Unnamed: 0,danceability,energy,key,loudness,speechiness,acousticness,instrumentalness,liveness,valence,tempo
0,0.566,0.693,10,-6.917,0.368,0.361,0.0,0.0806,0.838,78.743
73,0.575,0.609,5,-4.88,0.121,0.317,0.0,0.105,0.339,83.004


In [225]:
scaler = MinMaxScaler()
scaler.fit(df_stats)
X=scaler.transform(df_stats)


In [226]:
inertia = []
for i in range(1,11):
    kmeans = KMeans(
        n_clusters=i, init="k-means++",
        n_init=10,
        tol=1e-04, random_state=42
    )
    kmeans.fit(X)
    inertia.append(kmeans.inertia_)
fig = go.Figure(data=go.Scatter(x=np.arange(1,11),y=inertia))
fig.update_layout(title="Inertia vs Cluster Number",xaxis=dict(range=[0,11],title="Cluster Number"),
                  yaxis={'title':'Inertia'},
                 annotations=[
        dict(
            x=4,
            y=inertia[3],
            xref="x",
            yref="y",
            text="Elbow",
            showarrow=True,
            arrowhead=7,
            ax=20,
            ay=-40
        )
    ])

Looks like the elbow is created around K = 3-4. So lets use 4!

Note: Inertia can be recognized as a measure of how internally coherent clusters are.

Inertia measures how well a dataset was clustered by K-Means. It is calculated by measuring the distance between each data point and its centroid, squaring this distance, and summing these squares across one cluster.
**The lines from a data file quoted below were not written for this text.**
(* For every integer $d\ge3$ there exists an exact-repair regenerating code of type $(n,k,d)=(d+1,d,d)$ with parameters $B=(d-1)(d+1)$, $\alpha=d$, $\beta=d-1$ (entropies measured in bits). For these parameters $B=B_{k-1}<B_k$ and $B=B_{k-1}<B_{k-2}$.
   Context: Fix integers $1\le k\le d\le n-1$. An exact-repair regenerating code of type $(n,k,d)$ with parameters $(B,\alpha,\beta)$ (nonnegative reals) is a collection of jointly distributed discrete random variables $M$, $W_j$ ($1\le j\le n$), $S_i^j$ ($1\le i,j\le n$, $i\neq j$) such that, with $H$ denoting Shannon entropy: $H(M)=B$; $H(W_j)=\alpha$ and $H(W_j\mid M)=0$ for all $j$; $H(M\mid W_J)=0$ for every $J\subseteq\{1,\dots,n\}$ with $|J|\ge k$; $H(S_i^j)=\beta$ and $H(S_i^j\mid W_i)=0$ for all $i\ne j$; and $H(W_j\mid S_I^j)=0$ for every $I\subseteq\{1,\dots,n\}\setminus\{j\}$ with $|I|\ge d$. Notation: for a set $J$, $W_J=(W_j)_{j\in J}$; for sets $I$, $S_I^j=(S_i^j)_{i\in I}$. For $0\le q\le k$, define $B_q=q\alpha+\binom{k-q}{2}\beta+(d+1-k)(k-q)\beta$. *)

theory Defs
  imports "HOL-Probability.Probability"
begin

text \<open>Random variables are functions on the sample space of a discrete joint
distribution p (a pmf). Shannon entropy in bits, valued in ennreal
(so possibly infinite; all summands are nonnegative).\<close>

definition entropy2 :: "'w pmf \<Rightarrow> ('w \<Rightarrow> 'a) \<Rightarrow> ennreal" where
  "entropy2 p X =
     (let q = map_pmf X p in
      (\<Sum>\<^sub>\<infinity>x. ennreal (pmf q x * log 2 (1 / pmf q x))))"

definition cond_entropy2 :: "'w pmf \<Rightarrow> ('w \<Rightarrow> 'a) \<Rightarrow> ('w \<Rightarrow> 'b) \<Rightarrow> ennreal" where
  "cond_entropy2 p X Y =
     (let q = map_pmf (\<lambda>w. (X w, Y w)) p; r = map_pmf Y p in
      (\<Sum>\<^sub>\<infinity>(x, y). ennreal (pmf q (x, y) * log 2 (pmf r y / pmf q (x, y)))))"

definition joint :: "('i \<Rightarrow> 'w \<Rightarrow> 'a) \<Rightarrow> 'i set \<Rightarrow> 'w \<Rightarrow> ('i \<Rightarrow> 'a)" where
  "joint V J = (\<lambda>w. restrict (\<lambda>j. V j w) J)"

text \<open>Exact-repair regenerating code of type (n,k,d) with parameters (B,alpha,beta).
Nodes are indexed by {1..n}; W j is the content of node j, S i j is the
repair message from node i to node j.\<close>
definition regenerating_code ::
  "nat \<Rightarrow> nat \<Rightarrow> nat \<Rightarrow> real \<Rightarrow> real \<Rightarrow> real \<Rightarrow> 'w pmf \<Rightarrow> ('w \<Rightarrow> 'a)
   \<Rightarrow> (nat \<Rightarrow> 'w \<Rightarrow> 'b) \<Rightarrow> (nat \<Rightarrow> nat \<Rightarrow> 'w \<Rightarrow> 'c) \<Rightarrow> bool" where
  "regenerating_code n k d B \<alpha> \<beta> p M W S \<longleftrightarrow>
     1 \<le> k \<and> k \<le> d \<and> d \<le> n - 1 \<and> 0 \<le> B \<and> 0 \<le> \<alpha> \<and> 0 \<le> \<beta> \<and>
     entropy2 p M = ennreal B \<and>
     (\<forall>j\<in>{1..n}. entropy2 p (W j) = ennreal \<alpha> \<and> cond_entropy2 p (W j) M = 0) \<and>
     (\<forall>J\<subseteq>{1..n}. k \<le> card J \<longrightarrow> cond_entropy2 p M (joint W J) = 0) \<and>
     (\<forall>i\<in>{1..n}. \<forall>j\<in>{1..n}. i \<noteq> j \<longrightarrow>
        entropy2 p (S i j) = ennreal \<beta> \<and> cond_entropy2 p (S i j) (W i) = 0) \<and>
     (\<forall>j\<in>{1..n}. \<forall>I\<subseteq>{1..n} - {j}. d \<le> card I \<longrightarrow>
        cond_entropy2 p (W j) (joint (\<lambda>i. S i j) I) = 0)"

definition Bq :: "nat \<Rightarrow> nat \<Rightarrow> real \<Rightarrow> real \<Rightarrow> nat \<Rightarrow> real" where
  "Bq k d \<alpha> \<beta> q = real q * \<alpha> + real ((k - q) choose 2) * \<beta>
                     + real (d + 1 - k) * real (k - q) * \<beta>"

end

(* The message consists of n (n - 2) independent
   uniform bits, arranged in an n x n array with empty diagonal: row l has one free
   bit for every node i other than l and partner l, and its entry in column
   partner l is the parity of the row.  Node j stores column j (d bits).  To repair
   node j, every other node i sends its column with the entry of row j deleted
   (d - 1 bits); node j then recovers each entry of its column as the parity of the
   rest of that row.  Any d nodes miss only one column, which is recovered the same way. *)

theory Submission
  imports Defs "HOL-Library.Nat_Bijection"
begin

lemma entropy2_uniform:
  assumes "map_pmf X p = pmf_of_set S" "finite S" "S \<noteq> {}"
  shows "entropy2 p X = ennreal (log 2 (real (card S)))"
proof -
  let ?N = "real (card S)"
  have N: "?N > 0" using assms(2,3) by (simp add: card_gt_0_iff)
  let ?f = "\<lambda>x. ennreal (pmf (pmf_of_set S) x * log 2 (1 / pmf (pmf_of_set S) x))"
  have "entropy2 p X = infsum ?f UNIV" unfolding entropy2_def Let_def assms(1) by simp
  also have "\<dots> = infsum ?f S"
    by (rule infsum_cong_neutral) (auto simp: assms(2,3) pmf_of_set)
  also have "\<dots> = sum ?f S" using assms(2) by (simp add: infsum_finite)
  also have "\<dots> = (\<Sum>x\<in>S. ennreal (1 / ?N * log 2 ?N))"
    by (rule sum.cong) (auto simp: assms(2,3) pmf_of_set)
  also have "\<dots> = ennreal (\<Sum>x\<in>S. (1 / ?N * log 2 ?N))"
    by (rule sum_ennreal) (use N in auto)
  also have "(\<Sum>x\<in>S. (1 / ?N * log 2 ?N)) = log 2 ?N" using N by simp
  finally show ?thesis .
qed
A good model is one with low inertia AND a low number of clusters ( K )

In [227]:
# initialize can get stuck
kmeans = KMeans(
        n_clusters=4, init="k-means++",
        n_init=10,
        tol=1e-04, random_state=42
    )
kmeans.fit(X)

KMeans(n_clusters=4, random_state=42)

In [228]:
clusters=pd.DataFrame(X,columns=df_stats.columns)
clusters['label']=kmeans.labels_
polar=clusters.groupby("label").mean().reset_index()
polar=pd.melt(polar,id_vars=["label"])
fig = px.line_polar(polar, r="value", theta="variable", color="label", line_close=True,height=800,width=1400)
fig.show()

In [229]:
pie=clusters.groupby('label').size().reset_index()
pie.columns=['label','value']
px.pie(pie,values='value',names='label')

In [230]:
clustered_labels = clusters.groupby('label', as_index = False).mean()
clustered_labels

Unnamed: 0,label,danceability,energy,key,loudness,speechiness,acousticness,instrumentalness,liveness,valence,tempo
0,0,0.689748,0.597381,0.744694,0.818129,0.164643,0.125016,0.011099,0.161295,0.310898,0.405469
1,1,0.72166,0.698658,0.678138,0.84177,0.171314,0.164181,0.008011,0.186237,0.693888,0.431464
2,2,0.720847,0.642418,0.121301,0.829175,0.173697,0.155632,0.009124,0.170445,0.465891,0.409986
3,3,0.599492,0.392282,0.523848,0.717117,0.121421,0.689671,0.148498,0.131504,0.345786,0.364087


In [234]:
clusters.columns

Index(['danceability', 'energy', 'key', 'loudness', 'speechiness',
       'acousticness', 'instrumentalness', 'liveness', 'valence', 'tempo',
       'label'],
      dtype='object')

In [253]:
# get a most similar to value for each of the classifications 

# classification 1
from sklearn.metrics.pairwise import cosine_similarity
similar_arr = cosine_similarity(clusters, clustered_labels.head(1))
# index 1
indexes = np.argsort(similar_arr.T[0])[::-1][:5]
df.iloc[indexes].to_csv('Data/Clustering_Data/ClusterGroup1.csv')
df.iloc[indexes][['trackName', 'artistName', 'albumName', 'danceability', 'energy', 'key', 'loudness', 'speechiness',
       'acousticness', 'instrumentalness', 'liveness', 'valence', 'tempo',]]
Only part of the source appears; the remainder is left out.